During the model-training process, the training set of LIBS spectra and the corresponding real MgO concentration values were fed into the network, and the network weight values (including biases) were updated in an iterative manner to minimize the loss function. When the network weights tended to be stable, a trained BPNN model was obtained. Then, the testing set of LIBS spectra were input into the BPNN model to examine its prediction ability. BPNN generated the predicted component concentration of the validation set sample.

3. Results and Discussion

3.1. Results

In this work, RMSE was an important factor used to evaluate the quantification accuracy of the PLS and the BPNN, as can be expressed by Equation (2):

R M S E = \sqrt{\frac{\sum_{i = 1}^{M} {(P_{i} - R_{i})}^{2}}{M}}

(2)

where

P_{i}

is the MgO predicted value of the validation set sample,

R_{i}

is the real value of the MgO component in the validation set, M is the number of spectra for prediction of each testing target sample, and here M = 60.

The so-called “leave-one-out” strategy was used to perform the training and testing. Since there were 39 samples in the sample set (we normally refer to Sample Set 1 unless otherwise specified), for one testing round 38 samples were selected as the training sample set, and the remaining sample was the testing sample set. The 39 samples correspond to 39 testing rounds, with each testing round yielding an RMSE value. It should be noted that in this study there were six sets of spectra; i.e., one original spectra set and five preprocessed spectra sets corresponding to the five specific preprocessing approaches.

A brief statistical summary of the RMSE values is displayed in Table 4, and the more detailed RMSE values are shown in Table 5.

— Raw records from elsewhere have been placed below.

text \<open>The vector a is det(X_n) times the last row of C(X_n)^-1: for n = d it is the last row
  of the adjugate of C(X), and the recurrence for det(X_n) carries it along the chain.\<close>
lemma acoef_cartan_apply:
  assumes "1 \<le> d" "d \<le> n"
  shows "(\<Sum>i\<in>{1..n}. acoef d C i * cartan_apply d C n c i) = Xdet d C n * c n"
  using assms(2)
proof (induction n rule: dec_induct)
  case base
  have "(\<Sum>i\<in>{1..d}. acoef d C i * cartan_apply d C d c i)
      = (\<Sum>i\<in>{1..d}. adjugate d C d i * (\<Sum>j\<in>{1..d}. C i j * c j))"
    by (rule sum.cong[OF refl]) (auto simp: acoef_def cartan_apply_def cartan_ext_def)
  also have "\<dots> = detn d C * c d"
    using adjugate_mult_vec assms(1) by simp
  also have "detn d C = Xdet d C d"
    unfolding Xdet_def by (rule detn_cong) (auto simp: cartan_ext_def)
  finally show ?case .
next
  case (step n)
  have last_col: "cartan_ext d C i (Suc n) = (if i = n then -1 else 0)" if "i \<in> {1..n}" for i
    using that step by (auto simp: cartan_ext_def)
  have "(\<Sum>i\<in>{1..Suc n}. acoef d C i * cartan_apply d C (Suc n) c i)
      = (\<Sum>i\<in>{1..n}. acoef d C i * cartan_apply d C n c i)
        + (\<Sum>i\<in>{1..n}. acoef d C i * (cartan_ext d C i (Suc n) * c (Suc n)))
        + acoef d C (Suc n) * cartan_apply d C (Suc n) c (Suc n)"
    by (simp add: cartan_apply_Suc distrib_left sum.distrib)
  also have "(\<Sum>i\<in>{1..n}. acoef d C i * (cartan_ext d C i (Suc n) * c (Suc n)))
      = - acoef d C n * c (Suc n)"
    using step assms(1) by (simp add: last_col if_distrib[of "\<lambda>x. _ * (x * _)"] cong: if_cong)
  also have "cartan_apply d C (Suc n) c (Suc n) = 2 * c (Suc n) - c n"
    using cartan_apply_last[of d "Suc n" C c] step assms(1) by simp
  also note step.IH
  also have "acoef d C n = Xdet d C (n - 1)"
    using acoef_eq_Xdet step by auto
  also have "acoef d C (Suc n) = Xdet d C n"
    using acoef_eq_Xdet step by auto
  also have "Xdet d C n * c n + - Xdet d C (n - 1) * c (Suc n) + Xdet d C n * (2 * c (Suc n) - c n)
      = (2 * Xdet d C n - Xdet d C (n - 1)) * c (Suc n)"
    by (simp add: algebra_simps)
  also have "2 * Xdet d C n - Xdet d C (n - 1) = Xdet d C (Suc n)"
    using Xdet_Suc_Suc[of d "n - 1" C] step assms(1) by (simp add: Suc_diff_le)
  finally show ?case .
qed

In this work, the relative error (RE) was another key factor used to evaluate the accuracy of the chemometrics. The absolute error (AE) is the difference between the predicted value and the real value. The RE refers to the ratio of the AE to the real value, as expressed by Equation (3):

R E = |\frac{P_{c} - R_{c}}{R_{c}}| * 100 %

(3)

where

P_{c}

represents the predicted concentration and

R_{c}

represents the real concentration. The RE values obtained by the sample when it was used as the testing set are shown in Table 6. The maximum, minimum, and median of the RE values obtained using different methods are shown at the end of the table. The last line shows the average of the RE, which is important data for evaluating the precision of a quantitative analysis.

3.1.1. Analysis of Original Spectra Set

Figure 5 shows the relationship between the RMSE and validation sample number of the original spectra. One can compare the analysis ability of the BPNN and PLS based on the figure. The red line with circle represents the analysis results of the BPNN, and the blue line represents the analysis results of the PLS. In order to show the differences between the data more clearly, the y-axis uses logarithmic coordinates. When selecting a different sample for verification, it can be seen that the RMSE values changed obviously.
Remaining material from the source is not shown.